◆ THE PROBLEM
Within the lines below, find those that hold the string "also" and copy each one.
+ + + +
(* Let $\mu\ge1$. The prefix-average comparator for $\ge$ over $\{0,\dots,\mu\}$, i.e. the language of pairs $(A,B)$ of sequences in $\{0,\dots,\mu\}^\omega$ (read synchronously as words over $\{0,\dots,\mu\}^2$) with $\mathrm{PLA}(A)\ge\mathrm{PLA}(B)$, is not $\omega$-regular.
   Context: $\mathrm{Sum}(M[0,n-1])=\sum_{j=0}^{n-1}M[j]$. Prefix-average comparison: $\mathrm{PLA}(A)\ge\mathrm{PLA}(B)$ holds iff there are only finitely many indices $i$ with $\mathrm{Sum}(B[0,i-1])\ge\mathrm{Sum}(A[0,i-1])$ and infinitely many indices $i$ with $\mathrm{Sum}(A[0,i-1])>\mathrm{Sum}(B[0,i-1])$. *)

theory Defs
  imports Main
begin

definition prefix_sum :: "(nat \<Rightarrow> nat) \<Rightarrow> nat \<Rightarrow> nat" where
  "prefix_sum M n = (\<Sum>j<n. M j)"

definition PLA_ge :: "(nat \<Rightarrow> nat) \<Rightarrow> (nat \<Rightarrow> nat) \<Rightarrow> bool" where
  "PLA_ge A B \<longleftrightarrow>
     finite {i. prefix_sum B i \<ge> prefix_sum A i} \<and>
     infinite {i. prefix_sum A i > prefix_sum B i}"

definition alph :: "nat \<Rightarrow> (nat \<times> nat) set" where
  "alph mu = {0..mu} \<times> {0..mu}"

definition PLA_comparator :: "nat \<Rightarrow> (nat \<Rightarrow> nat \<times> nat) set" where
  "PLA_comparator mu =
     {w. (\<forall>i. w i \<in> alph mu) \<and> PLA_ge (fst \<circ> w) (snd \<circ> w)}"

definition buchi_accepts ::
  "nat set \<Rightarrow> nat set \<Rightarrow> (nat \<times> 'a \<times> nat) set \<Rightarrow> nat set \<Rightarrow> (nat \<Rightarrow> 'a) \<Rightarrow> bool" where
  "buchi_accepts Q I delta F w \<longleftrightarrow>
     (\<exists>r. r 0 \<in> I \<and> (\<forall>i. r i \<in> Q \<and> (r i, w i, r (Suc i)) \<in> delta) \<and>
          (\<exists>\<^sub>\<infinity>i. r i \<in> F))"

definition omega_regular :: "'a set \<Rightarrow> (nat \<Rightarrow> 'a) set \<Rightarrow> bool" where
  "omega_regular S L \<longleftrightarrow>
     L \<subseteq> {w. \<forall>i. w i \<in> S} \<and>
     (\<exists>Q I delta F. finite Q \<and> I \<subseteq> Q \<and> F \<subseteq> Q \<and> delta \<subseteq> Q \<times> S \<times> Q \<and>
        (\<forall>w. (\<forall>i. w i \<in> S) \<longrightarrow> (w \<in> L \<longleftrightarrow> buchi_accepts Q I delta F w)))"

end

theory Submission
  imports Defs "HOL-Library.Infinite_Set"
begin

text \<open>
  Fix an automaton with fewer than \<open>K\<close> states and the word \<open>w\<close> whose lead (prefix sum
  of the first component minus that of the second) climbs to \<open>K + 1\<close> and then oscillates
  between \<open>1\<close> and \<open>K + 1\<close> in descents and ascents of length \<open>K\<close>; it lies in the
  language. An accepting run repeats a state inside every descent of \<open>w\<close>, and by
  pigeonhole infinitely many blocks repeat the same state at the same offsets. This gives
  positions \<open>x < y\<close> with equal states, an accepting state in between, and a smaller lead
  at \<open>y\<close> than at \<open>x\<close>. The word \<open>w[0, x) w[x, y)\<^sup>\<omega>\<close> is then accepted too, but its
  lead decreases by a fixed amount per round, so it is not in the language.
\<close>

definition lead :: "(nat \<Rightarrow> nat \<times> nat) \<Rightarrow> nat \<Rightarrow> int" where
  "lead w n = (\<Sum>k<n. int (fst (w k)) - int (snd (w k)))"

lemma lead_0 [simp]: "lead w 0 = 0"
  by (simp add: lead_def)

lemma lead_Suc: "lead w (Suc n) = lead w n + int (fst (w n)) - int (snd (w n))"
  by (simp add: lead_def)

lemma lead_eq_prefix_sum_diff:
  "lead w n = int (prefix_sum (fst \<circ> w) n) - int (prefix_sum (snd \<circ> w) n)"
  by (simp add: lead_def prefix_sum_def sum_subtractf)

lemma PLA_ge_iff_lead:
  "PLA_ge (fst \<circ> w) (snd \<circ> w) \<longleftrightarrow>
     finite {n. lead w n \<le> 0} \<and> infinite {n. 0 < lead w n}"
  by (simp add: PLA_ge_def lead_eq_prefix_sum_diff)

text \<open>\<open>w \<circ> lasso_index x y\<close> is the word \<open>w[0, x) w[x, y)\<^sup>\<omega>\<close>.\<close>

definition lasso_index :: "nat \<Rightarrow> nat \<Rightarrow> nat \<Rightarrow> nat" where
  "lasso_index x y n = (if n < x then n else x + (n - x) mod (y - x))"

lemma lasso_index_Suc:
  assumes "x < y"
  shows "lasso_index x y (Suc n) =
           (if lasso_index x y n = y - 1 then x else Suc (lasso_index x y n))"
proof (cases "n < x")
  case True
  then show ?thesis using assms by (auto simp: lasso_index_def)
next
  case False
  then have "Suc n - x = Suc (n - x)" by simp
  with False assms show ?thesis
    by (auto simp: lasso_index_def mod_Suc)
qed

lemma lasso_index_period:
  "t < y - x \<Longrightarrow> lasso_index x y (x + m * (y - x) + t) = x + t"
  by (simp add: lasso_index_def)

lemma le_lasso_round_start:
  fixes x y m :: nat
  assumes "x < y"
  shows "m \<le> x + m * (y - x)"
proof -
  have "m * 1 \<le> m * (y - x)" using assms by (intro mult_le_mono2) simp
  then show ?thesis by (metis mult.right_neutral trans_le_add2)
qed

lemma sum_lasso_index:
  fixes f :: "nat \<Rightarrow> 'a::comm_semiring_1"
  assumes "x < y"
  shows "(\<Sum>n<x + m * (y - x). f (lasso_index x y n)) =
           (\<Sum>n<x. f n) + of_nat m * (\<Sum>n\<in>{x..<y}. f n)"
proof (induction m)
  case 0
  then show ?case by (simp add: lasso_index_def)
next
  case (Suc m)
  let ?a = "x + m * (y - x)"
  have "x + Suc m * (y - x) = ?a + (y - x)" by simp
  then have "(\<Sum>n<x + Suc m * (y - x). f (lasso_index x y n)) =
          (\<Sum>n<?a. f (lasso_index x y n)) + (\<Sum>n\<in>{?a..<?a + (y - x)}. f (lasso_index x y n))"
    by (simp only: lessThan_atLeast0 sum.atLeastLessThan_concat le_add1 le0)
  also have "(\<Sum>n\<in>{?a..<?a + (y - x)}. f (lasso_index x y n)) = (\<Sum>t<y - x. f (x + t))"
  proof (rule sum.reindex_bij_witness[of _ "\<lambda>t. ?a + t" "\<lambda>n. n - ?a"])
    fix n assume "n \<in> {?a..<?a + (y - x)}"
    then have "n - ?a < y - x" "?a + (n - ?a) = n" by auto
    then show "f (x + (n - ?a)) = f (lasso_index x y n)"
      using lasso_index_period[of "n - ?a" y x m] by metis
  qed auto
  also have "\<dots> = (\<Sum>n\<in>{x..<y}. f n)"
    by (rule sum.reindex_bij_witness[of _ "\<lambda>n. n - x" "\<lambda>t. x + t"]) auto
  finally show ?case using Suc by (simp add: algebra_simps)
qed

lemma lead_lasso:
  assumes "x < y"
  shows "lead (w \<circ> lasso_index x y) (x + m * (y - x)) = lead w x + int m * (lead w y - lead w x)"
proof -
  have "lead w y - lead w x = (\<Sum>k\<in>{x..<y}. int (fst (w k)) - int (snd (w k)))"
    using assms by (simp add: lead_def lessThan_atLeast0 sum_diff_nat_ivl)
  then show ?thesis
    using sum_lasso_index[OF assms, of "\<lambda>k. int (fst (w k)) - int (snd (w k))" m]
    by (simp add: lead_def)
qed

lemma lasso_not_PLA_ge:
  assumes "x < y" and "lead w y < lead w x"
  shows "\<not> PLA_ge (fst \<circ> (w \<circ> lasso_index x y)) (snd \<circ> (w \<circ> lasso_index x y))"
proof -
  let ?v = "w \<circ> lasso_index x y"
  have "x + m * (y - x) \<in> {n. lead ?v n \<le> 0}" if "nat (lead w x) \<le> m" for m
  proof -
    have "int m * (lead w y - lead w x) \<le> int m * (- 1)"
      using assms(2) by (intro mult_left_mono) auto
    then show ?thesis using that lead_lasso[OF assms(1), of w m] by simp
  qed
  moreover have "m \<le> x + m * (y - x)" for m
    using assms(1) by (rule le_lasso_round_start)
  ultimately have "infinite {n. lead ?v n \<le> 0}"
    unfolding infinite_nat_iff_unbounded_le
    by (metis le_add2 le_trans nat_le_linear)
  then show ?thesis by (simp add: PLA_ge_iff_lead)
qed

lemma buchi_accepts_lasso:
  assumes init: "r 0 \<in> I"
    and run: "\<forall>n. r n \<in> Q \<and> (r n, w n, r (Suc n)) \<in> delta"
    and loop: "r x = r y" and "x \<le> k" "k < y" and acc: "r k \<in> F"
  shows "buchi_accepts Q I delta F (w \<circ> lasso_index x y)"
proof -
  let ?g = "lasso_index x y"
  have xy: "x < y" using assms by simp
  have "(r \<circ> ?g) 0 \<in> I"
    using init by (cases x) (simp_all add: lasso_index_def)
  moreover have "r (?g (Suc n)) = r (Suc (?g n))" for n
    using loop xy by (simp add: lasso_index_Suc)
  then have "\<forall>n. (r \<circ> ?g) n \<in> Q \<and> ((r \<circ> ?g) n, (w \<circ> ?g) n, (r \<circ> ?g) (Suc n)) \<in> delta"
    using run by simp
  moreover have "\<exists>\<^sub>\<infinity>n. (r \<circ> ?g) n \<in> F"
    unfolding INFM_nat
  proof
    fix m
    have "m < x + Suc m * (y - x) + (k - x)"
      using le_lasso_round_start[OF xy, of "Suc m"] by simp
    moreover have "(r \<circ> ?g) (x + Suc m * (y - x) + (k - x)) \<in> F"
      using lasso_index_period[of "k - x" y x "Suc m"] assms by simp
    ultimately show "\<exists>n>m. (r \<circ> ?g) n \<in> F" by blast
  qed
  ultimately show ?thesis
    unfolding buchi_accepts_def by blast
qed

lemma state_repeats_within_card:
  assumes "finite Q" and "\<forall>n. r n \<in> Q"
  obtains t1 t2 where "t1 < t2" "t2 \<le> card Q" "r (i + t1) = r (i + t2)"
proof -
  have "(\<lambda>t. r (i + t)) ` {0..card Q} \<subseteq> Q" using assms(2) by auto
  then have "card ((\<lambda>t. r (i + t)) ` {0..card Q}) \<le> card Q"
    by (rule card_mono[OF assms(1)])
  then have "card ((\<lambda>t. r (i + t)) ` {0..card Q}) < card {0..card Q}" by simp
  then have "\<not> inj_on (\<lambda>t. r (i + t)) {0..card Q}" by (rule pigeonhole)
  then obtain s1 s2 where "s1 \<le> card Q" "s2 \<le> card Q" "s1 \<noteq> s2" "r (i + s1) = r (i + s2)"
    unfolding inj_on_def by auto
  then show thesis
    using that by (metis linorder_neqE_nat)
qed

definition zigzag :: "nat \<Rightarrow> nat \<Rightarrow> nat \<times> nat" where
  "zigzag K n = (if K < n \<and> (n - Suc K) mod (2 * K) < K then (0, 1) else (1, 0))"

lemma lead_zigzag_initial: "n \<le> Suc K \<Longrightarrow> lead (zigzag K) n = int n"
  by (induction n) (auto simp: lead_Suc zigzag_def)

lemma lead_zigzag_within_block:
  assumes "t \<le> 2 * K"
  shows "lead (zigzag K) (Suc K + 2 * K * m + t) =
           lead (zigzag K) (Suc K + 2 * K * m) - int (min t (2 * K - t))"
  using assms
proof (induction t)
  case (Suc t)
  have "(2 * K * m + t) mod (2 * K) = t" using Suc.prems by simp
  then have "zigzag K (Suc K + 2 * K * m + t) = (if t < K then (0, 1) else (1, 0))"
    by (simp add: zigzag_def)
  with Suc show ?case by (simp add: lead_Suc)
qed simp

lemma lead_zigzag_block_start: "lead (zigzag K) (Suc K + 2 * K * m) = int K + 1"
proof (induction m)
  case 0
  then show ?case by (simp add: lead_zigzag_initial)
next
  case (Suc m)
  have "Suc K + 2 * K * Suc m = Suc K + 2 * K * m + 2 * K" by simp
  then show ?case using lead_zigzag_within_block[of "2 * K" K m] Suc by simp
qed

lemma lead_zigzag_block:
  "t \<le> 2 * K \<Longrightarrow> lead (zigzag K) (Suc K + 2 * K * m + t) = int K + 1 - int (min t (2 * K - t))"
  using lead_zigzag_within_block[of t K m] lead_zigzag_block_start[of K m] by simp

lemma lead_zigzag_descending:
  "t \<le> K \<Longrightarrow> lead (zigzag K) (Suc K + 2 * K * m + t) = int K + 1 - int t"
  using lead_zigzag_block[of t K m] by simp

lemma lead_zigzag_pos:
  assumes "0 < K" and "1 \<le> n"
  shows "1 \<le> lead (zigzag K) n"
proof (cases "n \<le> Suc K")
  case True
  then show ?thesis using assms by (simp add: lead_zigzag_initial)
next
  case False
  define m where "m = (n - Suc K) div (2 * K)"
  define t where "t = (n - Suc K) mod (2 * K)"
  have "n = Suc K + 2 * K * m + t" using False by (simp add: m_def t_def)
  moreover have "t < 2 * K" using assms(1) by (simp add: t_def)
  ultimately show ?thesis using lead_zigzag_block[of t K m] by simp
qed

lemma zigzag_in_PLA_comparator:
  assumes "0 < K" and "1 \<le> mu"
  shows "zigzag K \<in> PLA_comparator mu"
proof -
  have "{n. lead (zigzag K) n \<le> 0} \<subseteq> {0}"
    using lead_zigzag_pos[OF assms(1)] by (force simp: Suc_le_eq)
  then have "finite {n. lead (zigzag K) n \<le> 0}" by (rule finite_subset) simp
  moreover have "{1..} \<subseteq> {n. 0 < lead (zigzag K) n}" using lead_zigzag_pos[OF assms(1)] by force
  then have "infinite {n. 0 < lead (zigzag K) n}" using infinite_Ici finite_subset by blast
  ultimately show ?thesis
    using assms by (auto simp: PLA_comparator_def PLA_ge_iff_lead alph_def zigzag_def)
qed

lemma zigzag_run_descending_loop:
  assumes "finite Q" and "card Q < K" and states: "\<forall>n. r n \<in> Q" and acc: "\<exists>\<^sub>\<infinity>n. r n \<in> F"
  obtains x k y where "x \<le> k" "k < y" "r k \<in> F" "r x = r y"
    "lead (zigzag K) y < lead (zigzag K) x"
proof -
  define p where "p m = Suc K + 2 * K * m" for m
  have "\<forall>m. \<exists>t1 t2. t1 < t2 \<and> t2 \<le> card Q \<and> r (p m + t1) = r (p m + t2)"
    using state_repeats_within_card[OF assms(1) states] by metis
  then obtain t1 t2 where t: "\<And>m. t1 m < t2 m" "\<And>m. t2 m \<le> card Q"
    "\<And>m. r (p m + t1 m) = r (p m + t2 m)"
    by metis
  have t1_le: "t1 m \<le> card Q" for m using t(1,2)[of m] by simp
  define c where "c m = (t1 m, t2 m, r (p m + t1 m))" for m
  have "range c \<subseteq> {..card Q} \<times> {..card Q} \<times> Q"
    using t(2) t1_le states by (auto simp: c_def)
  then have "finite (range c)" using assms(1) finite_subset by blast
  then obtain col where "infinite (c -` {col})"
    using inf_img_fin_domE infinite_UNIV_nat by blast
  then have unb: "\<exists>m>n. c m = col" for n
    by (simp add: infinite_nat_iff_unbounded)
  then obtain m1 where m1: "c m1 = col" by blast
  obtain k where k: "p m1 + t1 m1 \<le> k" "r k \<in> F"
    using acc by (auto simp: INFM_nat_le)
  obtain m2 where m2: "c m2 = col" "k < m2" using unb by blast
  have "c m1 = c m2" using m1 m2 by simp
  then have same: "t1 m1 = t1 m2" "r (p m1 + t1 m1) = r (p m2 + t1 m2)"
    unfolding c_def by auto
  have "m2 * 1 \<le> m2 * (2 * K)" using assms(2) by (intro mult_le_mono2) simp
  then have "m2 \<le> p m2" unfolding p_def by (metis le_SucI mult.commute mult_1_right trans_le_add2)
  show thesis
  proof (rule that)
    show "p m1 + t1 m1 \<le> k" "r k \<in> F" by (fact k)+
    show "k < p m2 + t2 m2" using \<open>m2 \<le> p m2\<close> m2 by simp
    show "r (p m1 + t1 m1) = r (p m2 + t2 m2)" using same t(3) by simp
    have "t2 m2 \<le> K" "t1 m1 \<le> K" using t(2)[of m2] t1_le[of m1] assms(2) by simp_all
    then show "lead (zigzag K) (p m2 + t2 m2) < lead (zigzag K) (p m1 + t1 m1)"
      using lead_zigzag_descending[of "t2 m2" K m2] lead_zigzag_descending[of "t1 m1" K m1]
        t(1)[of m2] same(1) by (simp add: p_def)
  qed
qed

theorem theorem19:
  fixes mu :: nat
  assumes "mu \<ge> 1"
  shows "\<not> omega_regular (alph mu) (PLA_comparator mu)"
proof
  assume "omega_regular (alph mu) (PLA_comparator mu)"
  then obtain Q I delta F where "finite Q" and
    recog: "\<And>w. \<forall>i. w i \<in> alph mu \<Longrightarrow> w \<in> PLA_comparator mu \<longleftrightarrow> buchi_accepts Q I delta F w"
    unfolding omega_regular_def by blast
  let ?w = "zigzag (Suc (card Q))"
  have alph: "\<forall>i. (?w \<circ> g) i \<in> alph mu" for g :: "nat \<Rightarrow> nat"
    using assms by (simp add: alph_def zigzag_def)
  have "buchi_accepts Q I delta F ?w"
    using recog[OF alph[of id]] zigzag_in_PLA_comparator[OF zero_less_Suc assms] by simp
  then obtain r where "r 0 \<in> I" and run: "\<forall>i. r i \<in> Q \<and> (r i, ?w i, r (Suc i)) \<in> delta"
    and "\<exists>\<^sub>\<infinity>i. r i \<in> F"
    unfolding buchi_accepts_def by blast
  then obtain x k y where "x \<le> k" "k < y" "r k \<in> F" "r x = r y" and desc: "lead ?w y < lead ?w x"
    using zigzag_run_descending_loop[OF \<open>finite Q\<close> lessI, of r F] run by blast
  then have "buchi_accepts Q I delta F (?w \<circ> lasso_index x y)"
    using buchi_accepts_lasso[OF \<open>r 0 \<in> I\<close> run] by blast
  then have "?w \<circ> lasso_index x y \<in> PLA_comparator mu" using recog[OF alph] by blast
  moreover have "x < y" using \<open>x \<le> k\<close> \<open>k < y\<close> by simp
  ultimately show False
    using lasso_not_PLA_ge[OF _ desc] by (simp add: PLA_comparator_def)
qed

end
+ + + +
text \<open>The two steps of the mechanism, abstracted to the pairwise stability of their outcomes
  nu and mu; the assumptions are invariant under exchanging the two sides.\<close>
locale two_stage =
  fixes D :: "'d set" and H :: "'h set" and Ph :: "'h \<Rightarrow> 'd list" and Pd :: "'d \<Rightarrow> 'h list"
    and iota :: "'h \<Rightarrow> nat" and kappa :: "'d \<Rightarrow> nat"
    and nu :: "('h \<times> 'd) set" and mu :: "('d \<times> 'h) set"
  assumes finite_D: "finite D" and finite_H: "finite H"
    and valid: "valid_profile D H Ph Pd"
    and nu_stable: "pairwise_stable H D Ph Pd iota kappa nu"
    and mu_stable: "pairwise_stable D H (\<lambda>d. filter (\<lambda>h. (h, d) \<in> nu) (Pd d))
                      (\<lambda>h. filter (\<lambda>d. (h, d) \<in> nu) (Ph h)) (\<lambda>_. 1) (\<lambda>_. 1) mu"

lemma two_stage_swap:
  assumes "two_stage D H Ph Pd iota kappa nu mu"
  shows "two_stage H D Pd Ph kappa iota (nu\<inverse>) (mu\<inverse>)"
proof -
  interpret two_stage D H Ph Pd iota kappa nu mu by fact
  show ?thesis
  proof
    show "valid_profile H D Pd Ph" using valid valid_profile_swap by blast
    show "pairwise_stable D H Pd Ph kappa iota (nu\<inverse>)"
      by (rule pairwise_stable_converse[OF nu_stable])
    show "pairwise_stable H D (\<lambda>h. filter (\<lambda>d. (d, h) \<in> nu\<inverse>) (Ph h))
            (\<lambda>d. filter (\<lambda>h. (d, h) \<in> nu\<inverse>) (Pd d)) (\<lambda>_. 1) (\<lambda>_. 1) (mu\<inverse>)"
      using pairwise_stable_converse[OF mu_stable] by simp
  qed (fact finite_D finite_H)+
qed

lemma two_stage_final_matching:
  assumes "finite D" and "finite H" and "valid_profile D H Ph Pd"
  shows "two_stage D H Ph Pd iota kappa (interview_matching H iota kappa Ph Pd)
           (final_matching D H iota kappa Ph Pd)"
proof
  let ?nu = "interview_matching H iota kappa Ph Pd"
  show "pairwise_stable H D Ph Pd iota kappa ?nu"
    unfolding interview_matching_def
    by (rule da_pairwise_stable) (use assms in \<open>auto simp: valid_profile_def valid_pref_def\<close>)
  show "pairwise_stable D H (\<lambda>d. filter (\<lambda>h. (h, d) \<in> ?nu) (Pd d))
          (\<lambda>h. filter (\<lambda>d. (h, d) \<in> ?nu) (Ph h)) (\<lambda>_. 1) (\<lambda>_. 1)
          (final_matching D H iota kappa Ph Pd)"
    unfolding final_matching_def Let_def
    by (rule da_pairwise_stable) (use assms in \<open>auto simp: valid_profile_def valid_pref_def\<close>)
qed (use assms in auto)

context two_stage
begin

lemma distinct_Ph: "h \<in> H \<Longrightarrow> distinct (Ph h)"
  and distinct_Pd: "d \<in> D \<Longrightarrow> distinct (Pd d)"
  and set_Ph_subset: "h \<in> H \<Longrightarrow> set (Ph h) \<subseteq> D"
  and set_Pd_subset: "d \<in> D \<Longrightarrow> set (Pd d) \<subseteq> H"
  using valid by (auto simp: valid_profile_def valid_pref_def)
+ + + +
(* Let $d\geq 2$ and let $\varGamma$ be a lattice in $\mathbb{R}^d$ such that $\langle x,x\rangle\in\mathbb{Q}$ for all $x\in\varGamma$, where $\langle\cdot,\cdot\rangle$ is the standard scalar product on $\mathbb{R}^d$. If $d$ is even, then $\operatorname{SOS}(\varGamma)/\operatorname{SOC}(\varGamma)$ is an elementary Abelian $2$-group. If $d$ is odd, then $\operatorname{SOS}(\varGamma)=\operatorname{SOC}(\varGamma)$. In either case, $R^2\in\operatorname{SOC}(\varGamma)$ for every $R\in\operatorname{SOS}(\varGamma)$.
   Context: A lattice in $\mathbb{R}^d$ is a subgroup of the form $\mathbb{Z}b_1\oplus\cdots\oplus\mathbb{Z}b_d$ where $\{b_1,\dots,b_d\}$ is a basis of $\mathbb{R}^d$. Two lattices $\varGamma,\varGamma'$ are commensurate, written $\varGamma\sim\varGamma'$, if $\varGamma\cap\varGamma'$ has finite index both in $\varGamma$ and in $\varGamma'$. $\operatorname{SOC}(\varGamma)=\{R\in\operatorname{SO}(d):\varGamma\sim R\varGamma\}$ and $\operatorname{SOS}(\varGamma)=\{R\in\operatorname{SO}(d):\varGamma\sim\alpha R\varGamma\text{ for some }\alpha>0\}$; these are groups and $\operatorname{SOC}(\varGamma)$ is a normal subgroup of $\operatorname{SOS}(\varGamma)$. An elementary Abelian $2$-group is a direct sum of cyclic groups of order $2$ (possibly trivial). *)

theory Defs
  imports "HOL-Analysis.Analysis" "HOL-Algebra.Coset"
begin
+ + + +
◆ PROBLEM SOLUTION
  also have "(\<Sum>n\<in>{?a..<?a + (y - x)}. f (lasso_index x y n)) = (\<Sum>t<y - x. f (x + t))"
  also have "\<dots> = (\<Sum>n\<in>{x..<y}. f n)"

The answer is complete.